It’s not every day you think of these two different types of people together, joined in a common endeavor. But that’s what’s happening under a unique collaboration between attorneys, law students and creative folks.
Led by the Dauphin County Bar Association (DCBA) and Widener University School of Law’s Harrisburg Campus, Volunteer Lawyers for the Arts helps artists with the unique legal issues they face. This assistance is provided at no charge to the artist or the arts organization.
“Artists are, for the most part, incredibly resilient people,” said Harrisburg photographer Dani Fresh. “But, sometimes, even we need help.”
Through the program, artists and arts groups contact the Dauphin County Bar Association, which assesses the applicant’s financial eligibility for pro bono (free) assistance. The DCBA then forwards potential cases to Widener Law students, who research the legal issues that artists may encounter.
“As a student, this is a win-win situation,” said Widener law student Victoria Beard, whose mother, a weaver, put together a craft cooperative in Waynesboro, Pa. “We can sharpen our skills as future attorneys, perfecting the art of asking questions and eliciting information. We can provide a valuable service to artists and arts organizations that lack the funds to hire an attorney for the help they really need.”
That help may entail such issues as intellectual property, contract disputes, sales, business information, landlord-tenant law, taxes and the creation of corporations, to name just a few. Students conduct client interviews and develop necessary case files that are passed on to licensed attorneys.
Legal issues can become overwhelming to an artist as he or she attempts to establish a career or continues to pursue a career.
“This is an underserved community with unmet legal needs,” said Widener Law School Associate Professor Michael J. Hussey, who joined Professor Juliet M. Moringiello in helping found the program with the DCBA.

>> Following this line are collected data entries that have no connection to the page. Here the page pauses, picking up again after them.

(* For a set $A\subset\mathbb{R}^2\times\mathbb{R}^2$ the following conditions are equivalent: (i) for all $(x^0,y^0),(x^1,y^1)\in A$, $$(1-t)c(x^0,y^0)+t\,c(x^1,y^1)\le t(1-t)\,c(y^0,y^1),\qquad t\in[0,1];$$ (ii) there is $G\in\mathfrak{M}$ such that $c(x,y)\le\phi_G(y)$ for all $(x,y)\in A$.
   Context: $c(x,y)=(x_1-y_1)(x_2-y_2)$ for $x,y\in\mathbb{R}^2$. A set $G\subset\mathbb{R}^2$ is monotone if $c(r,s)\ge0$ for all $r,s\in G$, maximal monotone if it is not a proper subset of a monotone set; $\mathfrak{M}$ is the family of maximal monotone sets. $\phi_G(y)=\inf_{x\in G}c(x,y)$. *)

theory Defs
  imports "HOL-Analysis.Analysis" "HOL-Library.Extended_Real"
begin

definition cost :: "real \<times> real \<Rightarrow> real \<times> real \<Rightarrow> real" where
  "cost x y = (fst x - fst y) * (snd x - snd y)"

definition monotone_set :: "(real \<times> real) set \<Rightarrow> bool" where
  "monotone_set G \<longleftrightarrow> (\<forall>r\<in>G. \<forall>s\<in>G. cost r s \<ge> 0)"

definition maximal_monotone :: "(real \<times> real) set \<Rightarrow> bool" where
  "maximal_monotone G \<longleftrightarrow> monotone_set G \<and> (\<forall>H. monotone_set H \<and> G \<subseteq> H \<longrightarrow> H = G)"

text \<open>phi_G(y) = inf over x in G of c(x,y), taken in the extended reals
  (it may be -infinity, and is +infinity for empty G).\<close>
definition phi :: "(real \<times> real) set \<Rightarrow> real \<times> real \<Rightarrow> ereal" where
  "phi G y = (INF x\<in>G. ereal (cost x y))"

end

theory Submission
  imports Defs
begin

text \<open>In the rotated coordinates \<open>u = y\<^sub>1 + y\<^sub>2\<close>, \<open>v = y\<^sub>2 - y\<^sub>1\<close> the cost is
  \<open>c(a,b) = ((\<Delta>u)\<^sup>2 - (\<Delta>v)\<^sup>2)/4\<close>, so the graph \<open>v = h(u)\<close> of a 1-Lipschitz \<open>h\<close> is maximal monotone.

  (ii) \<open>\<Longrightarrow>\<close> (i): by maximality some \<open>g \<in> G\<close> has \<open>c(g,y\<^sub>t) \<le> 0\<close> at \<open>y\<^sub>t = (1-t)y\<^sup>0 + t y\<^sup>1\<close>, and
  \<open>c(g,y\<^sub>t) = (1-t)c(g,y\<^sup>0) + t c(g,y\<^sup>1) - t(1-t)c(y\<^sup>0,y\<^sup>1)\<close> with \<open>c(x\<^sup>i,y\<^sup>i) \<le> c(g,y\<^sup>i)\<close>.

  (i) \<open>\<Longrightarrow>\<close> (ii): put \<open>b = -4c(x,y) \<ge> 0\<close>. A graph satisfies \<open>c(x,y) \<le> \<phi>\<^sub>G(y)\<close> iff it stays in
  the region \<open>|v - v\<^sub>y| \<le> sqrt((u - u\<^sub>y)\<^sup>2 + b)\<close>. Optimising (i) over \<open>t\<close> gives
  \<open>(\<Delta>v)\<^sup>2 - (\<Delta>u)\<^sup>2 \<le> (sqrt b\<^sup>0 + sqrt b\<^sup>1)\<^sup>2\<close>, and with the triangle inequality in the plane this
  says that every lower boundary \<open>v\<^sub>j - sqrt(\<dots>)\<close> lies below every upper boundary \<open>v\<^sub>k + sqrt(\<dots>)\<close>.
  The infimum of the upper boundaries is then a suitable 1-Lipschitz \<open>h\<close>.\<close>

definition ucoord :: "real \<times> real \<Rightarrow> real" where
  "ucoord y = fst y + snd y"

definition vcoord :: "real \<times> real \<Rightarrow> real" where
  "vcoord y = snd y - fst y"

lemma cost_rotated: "cost a b = ((ucoord a - ucoord b)\<^sup>2 - (vcoord a - vcoord b)\<^sup>2) / 4"
  unfolding cost_def ucoord_def vcoord_def by (simp add: power2_eq_square algebra_simps)

lemma cost_commute: "cost a b = cost b a"
  unfolding cost_def by (simp add: algebra_simps)

lemma cost_convex_combination:
  "cost g ((1 - t) *\<^sub>R y0 + t *\<^sub>R y1) = (1 - t) * cost g y0 + t * cost g y1 - t * (1 - t) * cost y0 y1"
  unfolding cost_def by (simp add: algebra_simps)

lemma ereal_le_phi_iff: "ereal r \<le> phi G y \<longleftrightarrow> (\<forall>g\<in>G. r \<le> cost g y)"
  unfolding phi_def by (simp add: le_INF_iff)

lemma maximal_monotone_ex_cost_nonpos:
  assumes "maximal_monotone G"
  obtains g where "g \<in> G" "cost g y \<le> 0"
proof (rule ccontr)
  assume "\<not> thesis"
  with that have pos: "\<forall>g\<in>G. 0 < cost g y" by force
  moreover have "\<forall>g\<in>G. 0 < cost y g" using pos cost_commute by metis
  moreover have yy: "cost y y = 0" by (simp add: cost_def)
  ultimately have "monotone_set (insert y G)"
    using assms unfolding maximal_monotone_def monotone_set_def by (auto intro: less_imp_le)
  then have "y \<in> G" using assms unfolding maximal_monotone_def by blast
  with pos yy show False by fastforce
qed

lemma maximal_monotone_graph:
  assumes "1-lipschitz_on UNIV h"
  shows "maximal_monotone {g. vcoord g = h (ucoord g)}" (is "maximal_monotone ?G")
  unfolding maximal_monotone_def
proof (intro conjI allI impI)
  show "monotone_set ?G" unfolding monotone_set_def
  proof (intro ballI)
    fix r s assume "r \<in> ?G" "s \<in> ?G"
    then have "\<bar>vcoord r - vcoord s\<bar> \<le> \<bar>ucoord r - ucoord s\<bar>"
      using lipschitz_onD[OF assms] by (simp add: dist_real_def)
    then show "0 \<le> cost r s" by (simp add: cost_rotated abs_le_square_iff)
  qed
  fix H assume H: "monotone_set H \<and> ?G \<subseteq> H"
  have "p \<in> ?G" if "p \<in> H" for p
  proof -
    define q where "q = ((ucoord p - h (ucoord p)) / 2, (ucoord p + h (ucoord p)) / 2)"
    have uq: "ucoord q = ucoord p" and vq: "vcoord q = h (ucoord p)"
      unfolding q_def ucoord_def vcoord_def by (simp_all add: field_simps)
    then have "q \<in> H" using H by auto
    with H \<open>p \<in> H\<close> have "0 \<le> cost p q" unfolding monotone_set_def by blast
    then have "vcoord p = vcoord q" using uq by (simp add: cost_rotated)
    with vq show ?thesis by simp
  qed
  with H show "H = ?G" by blast
qed

lemma cost_le_cost_if_in_cone:
  assumes "cost x y \<le> 0"
    and "\<bar>vcoord g - vcoord y\<bar> \<le> sqrt ((ucoord g - ucoord y)\<^sup>2 - 4 * cost x y)"
  shows "cost x y \<le> cost g y"
proof -
  have "0 \<le> (ucoord g - ucoord y)\<^sup>2 - 4 * cost x y"
    using assms(1) zero_le_power2[of "ucoord g - ucoord y"] by linarith
  moreover have "(vcoord g - vcoord y)\<^sup>2 \<le> (sqrt ((ucoord g - ucoord y)\<^sup>2 - 4 * cost x y))\<^sup>2"
    using assms(2) by (metis abs_ge_zero power2_abs power_mono)
  ultimately show ?thesis using cost_rotated[of g y] by simp
qed

lemma le_square_sqrt_add_sqrt:
  fixes K b0 b1 :: real
  assumes "0 \<le> b0" "0 \<le> b1"
    and bound: "\<And>t. 0 \<le> t \<Longrightarrow> t \<le> 1 \<Longrightarrow> t * (1 - t) * K \<le> (1 - t) * b0 + t * b1"
  shows "K \<le> (sqrt b0 + sqrt b1)\<^sup>2"
proof (rule ccontr)
  define s0 s1 r where "s0 = sqrt b0" and "s1 = sqrt b1" and "r = sqrt K"
  have s: "0 \<le> s0" "0 \<le> s1" "s0\<^sup>2 = b0" "s1\<^sup>2 = b1"
    using assms(1,2) by (simp_all add: s0_def s1_def)
  assume "\<not> ?thesis"
  then have K: "(s0 + s1)\<^sup>2 < K" by (simp add: s0_def s1_def)
  then have "s0 + s1 < r" using real_less_rsqrt by (simp add: r_def)
  have "r\<^sup>2 = K" using K zero_le_power2[of "s0 + s1"] unfolding r_def by (intro real_sqrt_pow2) linarith
  \<comment> \<open>split \<open>r = a + c\<close> with \<open>a > s0\<close>, \<open>c > s1\<close> and test the bound at \<open>t = a / r\<close>\<close>
  define a c where "a = (r + s0 - s1) / 2" and "c = (r - s0 + s1) / 2"
  have ac: "s0 < a" "s1 < c" "r = a + c" using \<open>s0 + s1 < r\<close> by (auto simp: a_def c_def field_simps)
  have "s0\<^sup>2 * c + s1\<^sup>2 * a < a\<^sup>2 * c + c\<^sup>2 * a"
    using ac s by (intro add_strict_mono mult_strict_right_mono power_strict_mono) auto
  also have "\<dots> = a * c * r" by (simp add: ac(3) power2_eq_square algebra_simps)
  finally have less: "s0\<^sup>2 * c + s1\<^sup>2 * a < a * c * r" .
  have "0 < r" using ac s by linarith
  have complement: "1 - a / r = c / r" using \<open>0 < r\<close> ac(3) by (simp add: field_simps)
  have "(1 - a / r) * b0 + a / r * b1 = (s0\<^sup>2 * c + s1\<^sup>2 * a) / r"
    unfolding complement using s by (simp add: add_divide_distrib algebra_simps)
  also have "\<dots> < a * c" using less \<open>0 < r\<close> by (simp add: pos_divide_less_eq)
  also have "a * c = a / r * (1 - a / r) * K"
    unfolding complement \<open>r\<^sup>2 = K\<close>[symmetric] using \<open>0 < r\<close> by (simp add: power2_eq_square)
  finally have "(1 - a / r) * b0 + a / r * b1 < a / r * (1 - a / r) * K" .
  moreover have "0 \<le> a / r" "a / r \<le> 1" using ac s by simp_all
  ultimately show False using bound by fastforce
qed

Hussey adds that the program allows artists the freedom to pursue their art while volunteer lawyers and law students help to protect their legal interests.
“This program helps artists identify and avoid legal risks when possible,” said Liz Simcox, executive director of the DCBA. “It raises artists’ awareness of the resources available from the DCBA and other organizations when legal representation is needed.”
Bar Association Pro Bono Coordinator Sandy Ballard plays a key role in coordinating this project.
“This is a great opportunity for artists and small arts organizations to find the help they need to become stronger and more successful,” she said.
However, it also benefits the students, as they learn to apply their education while developing their talents and skills through volunteer opportunities before facing the pressures of working in a law firm.
“Law students learn valuable business skills while working with lawyers and artists,” said Ballard.
Since Sept. 15, Lawyers for the Arts has accepted requests from artists and arts organizations through the DCBA Lawyer Referral Service, which assists individuals in identifying private attorneys appropriate to their needs. Students and faculty of Widener review applications. The DCBA then refers selected applicants to participating local attorneys for representation.
“Through this program, everyone in central Pennsylvania will be enriched by the creativity of our thriving arts community,” said Hussey.
Harrisburg artist Liz Laribee agreed, adding that the need for legal services will only increase as the city’s already-vibrant art community continues to grow.
“With the number of creative professionals and entrepreneurs honing their craft here, it’s encouraging to see efforts to buffer their work against risk,” she said. “I love when concentric circles of the ecosystem work together in such creative ways. It makes for a better outcome and a greater city.”